Nésterov señaló las huellas que tenían frente a ellos y después las que acababa de dejar Leo. Eran idénticas.

—Vamos a encontrar el cuerpo de un niño muerto.

—Que usted ya ha descubierto.

—Hace dos días.

—Y sobre el que no ha informado.

—Quería demostrar que Varlam Babínich no tenía nada que ver con este asesinato.

—¿Le preocupaba que lo culpásemos a él del asesinato?

—Todavía me preocupa.

¿Iba a desenfundar Nésterov? Leo esperó. Finalmente Nésterov encendió un cigarrillo y siguió caminando. No dijeron nada más hasta llegar al lugar donde se hallaba el cadáver. El niño estaba tal como Leo lo recordaba, desnudo, boca arriba, con la boca llena de corteza de árbol y el torso destrozado. Leo dio un paso atrás y observó a Nésterov examinar el cuerpo. Se tomó su tiempo. Leo se dio cuenta de que su superior estaba escandalizado con aquel crimen. Aquello le supuso cierto alivio.

Nésterov se le acercó.

—Quiero que vuelva y avise a la oficina del procurador. Yo me quedaré aquí, junto al cuerpo.

Nésterov recordó la preocupación de Leo y añadió:

—Es evidente que Varlam Babínich no ha tenido nada que ver con este asesinato.

—Estoy de acuerdo.

—Son dos casos distintos.

Leo se le quedó mirando, atónito ante aquella afirmación.

—Pero ¿y si a estos dos niños los mató el mismo hombre?

—Una chica sufrió una agresión sexual y fue asesinada. Un chico ha sufrido una agresión sexual y ha sido asesinado. Son crímenes distintos. Son depravaciones distintas.

—Pero los dos tenían corteza, corteza de árbol, en la boca.

—Larisa tenía la boca llena de tierra.

—Eso no es cierto.

—Varlam Babínich ha admitido que le llenó la boca de tierra.

—Lo cual demuestra que no la mató. La tierra está congelada. Si era tierra, ¿de dónde la sacó? Tenía la boca llena de corteza, igual que este niño. La prepararon con antelación, no sé por qué.

—Babínich ha confesado.

—Admitirá lo que sea si se lo preguntan las veces suficientes.

—¿Cómo está tan seguro de que es el mismo asesino? La niña fue asesinada cerca de la estación, sin precaución alguna, algo arriesgado, apenas estaba fuera de la vista de la gente. Los pasajeros podían haber escuchado los gritos. Fue un crimen cometido por un idiota, y un idiota ha confesado haberlo cometido. Pero a este niño lo llevaron durante casi una hora hacia el interior del bosque. El asesino ha tenido cuidado para que nadie lo interrumpiese. Es otro hombre.

—Quién sabe lo que pasó con esa chica; quizá quería adentrarse más en el bosque pero ella cambió de parecer, por lo que tuvo que matarla allí. ¿Por qué tienen los dos un trozo de cuerda en el tobillo?

—Es un crimen diferente.

—Dígame que no está tan desesperado por empezar el proceso que es capaz de decir y creer cualquier cosa.

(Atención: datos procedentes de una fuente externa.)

(* Let $S$ be a set and let $f:2^S\to 2^S$ be monotonic with respect to $\subseteq$. Then: (1) $(\nu f,\ \nu f\times\nu f)$ is a support ordering for $f$; (2) there is a well-ordering ${\prec}\subseteq \mu f\times\mu f$ such that $(\mu f,\prec)$ is a support ordering for $f$.
   Context: The Axiom of Choice is assumed. $\mu f$ and $\nu f$ are the least and greatest fixpoints of $f$ in $(2^S,\subseteq)$. For a binary relation ${\prec}$ on $X$ and $x\in X$, $\prec^{-1}(x)=\{x'\in X\mid x'\prec x\}$. A pair $(X,\prec)$ is a support ordering for $f$ if $X\subseteq S$, ${\prec}\subseteq X\times X$, and $x\in f(\prec^{-1}(x))$ for every $x\in X$. A relation $R$ on $X$ is well-founded if every nonempty $Y\subseteq X$ has an element $y$ such that no $y'\in Y$, $y'\neq y$, satisfies $y' R y$; $R$ is a (strict) total order if it is irreflexive, transitive and any two distinct elements are comparable; a well-ordering is a well-founded total order. *)

theory Defs
  imports Main
begin

definition mu_fp :: "'a set \<Rightarrow> ('a set \<Rightarrow> 'a set) \<Rightarrow> 'a set" where
  "mu_fp S f = \<Inter> {A. A \<subseteq> S \<and> f A \<subseteq> A}"

definition nu_fp :: "'a set \<Rightarrow> ('a set \<Rightarrow> 'a set) \<Rightarrow> 'a set" where
  "nu_fp S f = \<Union> {A. A \<subseteq> S \<and> A \<subseteq> f A}"

definition pred_set :: "'a rel \<Rightarrow> 'a \<Rightarrow> 'a set" where
  "pred_set R x = {x'. (x', x) \<in> R}"

definition support_ordering :: "'a set \<Rightarrow> ('a set \<Rightarrow> 'a set) \<Rightarrow> 'a set \<Rightarrow> 'a rel \<Rightarrow> bool" where
  "support_ordering S f X R \<longleftrightarrow> X \<subseteq> S \<and> R \<subseteq> X \<times> X \<and> (\<forall>x\<in>X. x \<in> f (pred_set R x))"

definition well_founded_on :: "'a set \<Rightarrow> 'a rel \<Rightarrow> bool" where
  "well_founded_on X R \<longleftrightarrow>
     (\<forall>Y. Y \<subseteq> X \<and> Y \<noteq> {} \<longrightarrow> (\<exists>y\<in>Y. \<forall>y'\<in>Y. y' \<noteq> y \<longrightarrow> (y', y) \<notin> R))"

definition strict_total_order_on :: "'a set \<Rightarrow> 'a rel \<Rightarrow> bool" where
  "strict_total_order_on X R \<longleftrightarrow>
     (\<forall>x\<in>X. (x, x) \<notin> R) \<and>
     (\<forall>x\<in>X. \<forall>y\<in>X. \<forall>z\<in>X. (x, y) \<in> R \<and> (y, z) \<in> R \<longrightarrow> (x, z) \<in> R) \<and>
     (\<forall>x\<in>X. \<forall>y\<in>X. x \<noteq> y \<longrightarrow> (x, y) \<in> R \<or> (y, x) \<in> R)"

definition well_ordering_on :: "'a set \<Rightarrow> 'a rel \<Rightarrow> bool" where
  "well_ordering_on X R \<longleftrightarrow> well_founded_on X R \<and> strict_total_order_on X R"

end

theory Submission
  imports Defs
begin

(* Every element of the post-fixpoint nu f lies in f (nu f), so the full relation on nu f is a
   support ordering.  A well-founded support ordering (X, R) satisfies X \<subseteq> mu f, by induction
   along R.  Conversely, Zorn's lemma applied to the well-orders that are support orderings,
   compared by the initial-segment relation, yields a maximal one, m; if some x \<in> f (Field m)
   were outside Field m, putting x on top of m would contradict maximality.  So Field m is a
   pre-fixpoint of f, contains mu f, and hence equals mu f. *)

lemma Well_order_Union_chain:
  assumes chain: "R \<in> Chains init_seg_of" and wo: "\<forall>r\<in>R. Well_order r"
  shows "Well_order (\<Union>R)"
proof -
  have subch: "chain\<^sub>\<subseteq> R"
    using chain by (auto simp: init_seg_of_def chain_subset_def Chains_def)
  have "\<forall>r\<in>R. Refl r" "\<forall>r\<in>R. trans r" "\<forall>r\<in>R. antisym r" "\<forall>r\<in>R. Total r"
    "\<forall>r\<in>R. wf (r - Id)"
    using wo by (simp_all add: order_on_defs)
  have "\<Union>R \<subseteq> Field (\<Union>R) \<times> Field (\<Union>R)"
    unfolding Field_def by auto
  moreover have "Refl (\<Union>R)"
    using \<open>\<forall>r\<in>R. Refl r\<close> unfolding refl_on_def by fastforce
  moreover have "trans (\<Union>R)"
    using chain_subset_trans_Union[OF subch] \<open>\<forall>r\<in>R. trans r\<close> .
  moreover have "antisym (\<Union>R)"
    using chain_subset_antisym_Union[OF subch] \<open>\<forall>r\<in>R. antisym r\<close> .
  moreover have "Total (\<Union>R)"
    using chain_subset_Total_Union[OF subch] \<open>\<forall>r\<in>R. Total r\<close> .
  moreover have "wf (\<Union>R - Id)"
  proof -
    have "\<Union>R - Id = \<Union>{r - Id | r. r \<in> R}"
      by blast
    then show ?thesis
      using wf_Union_wf_init_segs[OF Chains_inits_DiffI[OF chain]] \<open>\<forall>r\<in>R. wf (r - Id)\<close>
      by fastforce
  qed
  ultimately show ?thesis
    by (simp add: order_on_defs)
qed

lemma Well_order_insert_top:
  assumes "Well_order r" and x: "x \<notin> Field r"
  shows "Well_order (insert (x, x) r \<union> Field r \<times> {x})" (is "Well_order ?r")
proof -
  have "Refl r" "trans r" "antisym r" "Total r" "wf (r - Id)" "r \<subseteq> Field r \<times> Field r"
    using \<open>Well_order r\<close> by (simp_all add: order_on_defs)
  have Field_r: "Field ?r = insert x (Field r)"
    by (auto simp: Field_def)
  have "?r \<subseteq> Field ?r \<times> Field ?r"
    using \<open>r \<subseteq> Field r \<times> Field r\<close> by auto
  moreover have "Refl ?r"
    using \<open>Refl r\<close> Field_r unfolding refl_on_def by blast
  moreover have "trans ?r"
    using \<open>trans r\<close> x unfolding trans_def Field_def by blast
  moreover have "antisym ?r"
    using \<open>antisym r\<close> x unfolding antisym_def Field_def by blast
  moreover have "Total ?r"
    using \<open>Total r\<close> Field_r by (auto simp: total_on_def)
  moreover have "wf (?r - Id)"
  proof -
    have "Field r \<times> {x} \<subseteq> measure (\<lambda>y. if y = x then 1 else 0)"
      using x by auto
    then have "wf (Field r \<times> {x})"
      using wf_subset by blast
    then show ?thesis
      using \<open>wf (r - Id)\<close> x by (auto simp: Un_Diff Field_def intro: wf_Un wf_subset)
  qed
  ultimately show ?thesis
    by (simp add: order_on_defs)
qed

lemma well_ordering_on_Diff_Id:
  assumes "Well_order r"
  shows "well_ordering_on (Field r) (r - Id)"
proof -
  have "trans r" "antisym r" "Total r" "wf (r - Id)"
    using assms by (simp_all add: order_on_defs)
  have "well_founded_on (Field r) (r - Id)"
    unfolding well_founded_on_def
  proof (intro allI impI)
    fix Y assume "Y \<subseteq> Field r \<and> Y \<noteq> {}"
    then obtain y where "y \<in> Y" "\<forall>y'. (y', y) \<in> r - Id \<longrightarrow> y' \<notin> Y"
      using \<open>wf (r - Id)\<close> unfolding wf_eq_minimal by blast
    then show "\<exists>y\<in>Y. \<forall>y'\<in>Y. y' \<noteq> y \<longrightarrow> (y', y) \<notin> r - Id"
      by blast
  qed
  moreover have "strict_total_order_on (Field r) (r - Id)"
    using \<open>trans r\<close> \<open>antisym r\<close> \<open>Total r\<close>
    unfolding strict_total_order_on_def trans_def antisym_def total_on_def by blast
  ultimately show ?thesis
    unfolding well_ordering_on_def ..
qed

lemma pred_set_mono: "R \<subseteq> R' \<Longrightarrow> pred_set R x \<subseteq> pred_set R' x"
  unfolding pred_set_def by blast

lemma nu_fp_subset: "nu_fp S f \<subseteq> S"
  unfolding nu_fp_def by blast

lemma mu_fp_lower_bound: "A \<subseteq> S \<Longrightarrow> f A \<subseteq> A \<Longrightarrow> mu_fp S f \<subseteq> A"
  unfolding mu_fp_def by blast

definition support_well_order :: "'a set \<Rightarrow> ('a set \<Rightarrow> 'a set) \<Rightarrow> 'a rel \<Rightarrow> bool" where
  "support_well_order S f r \<longleftrightarrow> Well_order r \<and> support_ordering S f (Field r) (r - Id)"

lemma support_well_order_iff:
  "support_well_order S f r \<longleftrightarrow>
     Well_order r \<and> Field r \<subseteq> S \<and> (\<forall>x\<in>Field r. x \<in> f (pred_set (r - Id) x))"
  unfolding support_well_order_def support_ordering_def by (auto intro: FieldI1 FieldI2)

locale monotone_set_operator =
  fixes S :: "'a set" and f :: "'a set \<Rightarrow> 'a set"
  assumes maps: "\<And>A. A \<subseteq> S \<Longrightarrow> f A \<subseteq> S"
    and mono: "\<And>A B. A \<subseteq> B \<Longrightarrow> B \<subseteq> S \<Longrightarrow> f A \<subseteq> f B"
begin

lemma nu_fp_subset_image: "nu_fp S f \<subseteq> f (nu_fp S f)"
proof
  fix x assume "x \<in> nu_fp S f"
  then obtain A where A: "A \<subseteq> S" "A \<subseteq> f A" "x \<in> A"
    unfolding nu_fp_def by blast
  then have "A \<subseteq> nu_fp S f"
    unfolding nu_fp_def by blast
  then have "f A \<subseteq> f (nu_fp S f)"
    by (rule mono[OF _ nu_fp_subset])
  with A show "x \<in> f (nu_fp S f)"
    by blast
qed

lemma support_ordering_nu_fp: "support_ordering S f (nu_fp S f) (nu_fp S f \<times> nu_fp S f)"
proof -
  have "pred_set (nu_fp S f \<times> nu_fp S f) x = nu_fp S f" if "x \<in> nu_fp S f" for x
    using that unfolding pred_set_def by blast
  then show ?thesis
    using nu_fp_subset[of S f] nu_fp_subset_image unfolding support_ordering_def by auto
qed

lemma mu_fp_subset: "mu_fp S f \<subseteq> S"
  by (rule mu_fp_lower_bound) (rule subset_refl, rule maps, rule subset_refl)

lemma image_mu_fp_subset: "f (mu_fp S f) \<subseteq> mu_fp S f"
proof -
  have "f (mu_fp S f) \<subseteq> A" if "A \<subseteq> S" "f A \<subseteq> A" for A
    using mono[OF mu_fp_lower_bound[of A S f, OF that] that(1)] that(2) by blast
  then show ?thesis
    unfolding mu_fp_def by blast
qed

lemma wf_support_ordering_subset_mu_fp:
  assumes "wf R" and supp: "support_ordering S f X R"
  shows "X \<subseteq> mu_fp S f"
proof -
  have "x \<in> X \<longrightarrow> x \<in> mu_fp S f" for x
    using \<open>wf R\<close>
  proof (induction x rule: wf_induct_rule)
    case (less x)
    show ?case
    proof
      assume "x \<in> X"
      have "pred_set R x \<subseteq> mu_fp S f"
        using less supp unfolding support_ordering_def pred_set_def by blast
      then have "f (pred_set R x) \<subseteq> f (mu_fp S f)"
        by (rule mono[OF _ mu_fp_subset])
      with \<open>x \<in> X\<close> supp image_mu_fp_subset show "x \<in> mu_fp S f"
        unfolding support_ordering_def by blast
    qed
  qed
  then show ?thesis
    by blast
qed

lemma support_well_order_Union_chain:
  assumes chain: "R \<in> Chains init_seg_of" and supp: "\<forall>r\<in>R. support_well_order S f r"
  shows "support_well_order S f (\<Union>R)"
proof -
  have Field_S: "Field (\<Union>R) \<subseteq> S"
    using supp unfolding support_well_order_iff Field_def by blast
  have "x \<in> f (pred_set (\<Union>R - Id) x)" if x: "x \<in> Field (\<Union>R)" for x
  proof -
    obtain r where "r \<in> R" "x \<in> Field r"
      using x by auto
    have "pred_set (\<Union>R - Id) x \<subseteq> S"
      using Field_S unfolding pred_set_def by (auto intro: FieldI1)
    then have "f (pred_set (r - Id) x) \<subseteq> f (pred_set (\<Union>R - Id) x)"
      using \<open>r \<in> R\<close> by (intro mono pred_set_mono) blast
    moreover have "x \<in> f (pred_set (r - Id) x)"
      using supp \<open>r \<in> R\<close> \<open>x \<in> Field r\<close> unfolding support_well_order_iff by blast
    ultimately show ?thesis
      by blast
  qed
  with Field_S Well_order_Union_chain[OF chain] supp show ?thesis
    unfolding support_well_order_iff by blast
qed

lemma support_well_order_insert_top:
  assumes supp: "support_well_order S f r" and x: "x \<notin> Field r" "x \<in> f (Field r)"
  shows "support_well_order S f (insert (x, x) r \<union> Field r \<times> {x})"
    (is "support_well_order S f ?r")
proof -
  have Field_r: "Field ?r = insert x (Field r)"
    by (auto simp: Field_def)
  have "Field r \<subseteq> S"
    using supp unfolding support_well_order_iff by blast
  then have Field_S: "Field ?r \<subseteq> S"
    unfolding Field_r using maps[OF \<open>Field r \<subseteq> S\<close>] x(2) by blast
  have "z \<in> f (pred_set (?r - Id) z)" if "z \<in> Field ?r" for z
  proof (cases "z = x")
    case True
    then have "pred_set (?r - Id) z = Field r"
      using x(1) by (auto simp: pred_set_def intro: FieldI1)
    with True x(2) show ?thesis
      by simp
  next
    case False
    have "pred_set (?r - Id) z \<subseteq> S"
      using Field_S unfolding pred_set_def by (auto intro: FieldI1)
    then have "f (pred_set (r - Id) z) \<subseteq> f (pred_set (?r - Id) z)"
      by (intro mono pred_set_mono) blast
    moreover have "z \<in> f (pred_set (r - Id) z)"
      using False that Field_r supp unfolding support_well_order_iff by blast
    ultimately show ?thesis
      by blast
  qed
  with Field_S Well_order_insert_top[OF _ x(1)] supp show ?thesis
    unfolding support_well_order_iff by blast
qed

lemma exists_support_well_order_closed:
  "\<exists>m. support_well_order S f m \<and> f (Field m) \<subseteq> Field m"
proof -
  let ?A = "{r. support_well_order S f r}"
  let ?I = "relation_of (\<lambda>r s. r initial_segment_of s) ?A"
  have po: "partial_order_on ?A ?I"
    by (rule partial_order_on_relation_ofI) (simp, metis trans_init_seg_of, metis antisym_init_seg_of)
  have chain_bound: "\<exists>u\<in>?A. \<forall>r\<in>C. r initial_segment_of u" if C: "C \<in> Chains ?I" for C
  proof -
    have chain: "C \<in> Chains init_seg_of"
      using C mono_Chains[of ?I init_seg_of] by (auto simp: relation_of_def)
    moreover have "\<forall>r\<in>C. support_well_order S f r"
      using C by (auto simp: Chains_def relation_of_def)
    ultimately have "support_well_order S f (\<Union>C)"
      by (rule support_well_order_Union_chain)
    with Chains_init_seg_of_Union[OF chain] show ?thesis
      by blast
  qed
  obtain m where m: "support_well_order S f m"
    and max: "\<And>r. support_well_order S f r \<Longrightarrow> m initial_segment_of r \<Longrightarrow> r = m"
    using predicate_Zorn[OF po chain_bound] by blast
  have "x \<in> Field m" if x: "x \<in> f (Field m)" for x
  proof (rule ccontr)
    assume "x \<notin> Field m"
    let ?m = "insert (x, x) m \<union> Field m \<times> {x}"
    have "m initial_segment_of ?m"
      using \<open>x \<notin> Field m\<close> by (auto simp: init_seg_of_def Field_def)
    then have "?m = m"
      by (rule max[OF support_well_order_insert_top[OF m \<open>x \<notin> Field m\<close> x]])
    with \<open>x \<notin> Field m\<close> show False
      by (auto simp: Field_def)
  qed
  with m show ?thesis
    by blast
qed

lemma exists_well_ordering_support_ordering_mu_fp:
  "\<exists>R. R \<subseteq> mu_fp S f \<times> mu_fp S f \<and> well_ordering_on (mu_fp S f) R
     \<and> support_ordering S f (mu_fp S f) R"
proof -
  obtain m where m: "support_well_order S f m" and closed: "f (Field m) \<subseteq> Field m"
    using exists_support_well_order_closed by blast
  then have wo: "Well_order m" and supp: "support_ordering S f (Field m) (m - Id)"
    unfolding support_well_order_def by blast+
  have "Field m = mu_fp S f"
  proof
    show "Field m \<subseteq> mu_fp S f"
      using wf_support_ordering_subset_mu_fp[OF _ supp] wo by (simp add: order_on_defs)
    show "mu_fp S f \<subseteq> Field m"
      using mu_fp_lower_bound[of "Field m" S f] closed supp
      unfolding support_ordering_def by blast
  qed
  with supp well_ordering_on_Diff_Id[OF wo] show ?thesis
    unfolding support_ordering_def by (intro exI[of _ "m - Id"]) auto
qed

end

theorem corollary3:
  fixes S :: "'a set" and f :: "'a set \<Rightarrow> 'a set"
  assumes maps: "\<And>A. A \<subseteq> S \<Longrightarrow> f A \<subseteq> S"
    and mono: "\<And>A B. A \<subseteq> B \<Longrightarrow> B \<subseteq> S \<Longrightarrow> f A \<subseteq> f B"
  shows "support_ordering S f (nu_fp S f) (nu_fp S f \<times> nu_fp S f)
         \<and> (\<exists>R. R \<subseteq> mu_fp S f \<times> mu_fp S f \<and> well_ordering_on (mu_fp S f) R
              \<and> support_ordering S f (mu_fp S f) R)"
proof -
  interpret monotone_set_operator S f
    using maps mono by unfold_locales
  show ?thesis
    using support_ordering_nu_fp exists_well_ordering_support_ordering_mu_fp by blast
qed

end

—Dígame usted qué clase de persona viola a una niña, la mata, y después viola y mata a un niño. ¿Quién es esa persona? He trabajado en la milicia durante veinte años. Nunca he encontrado a alguien así. Nunca he oído hablar de alguien así. ¿Puede darme algún ejemplo?

—No conozco ninguno.

—No existen. La chica murió por una razón: la mataron por su pelo rubio. La mató un chico enfermo. Este niño murió por una razón. Lo mató otro hombre con una enfermedad distinta.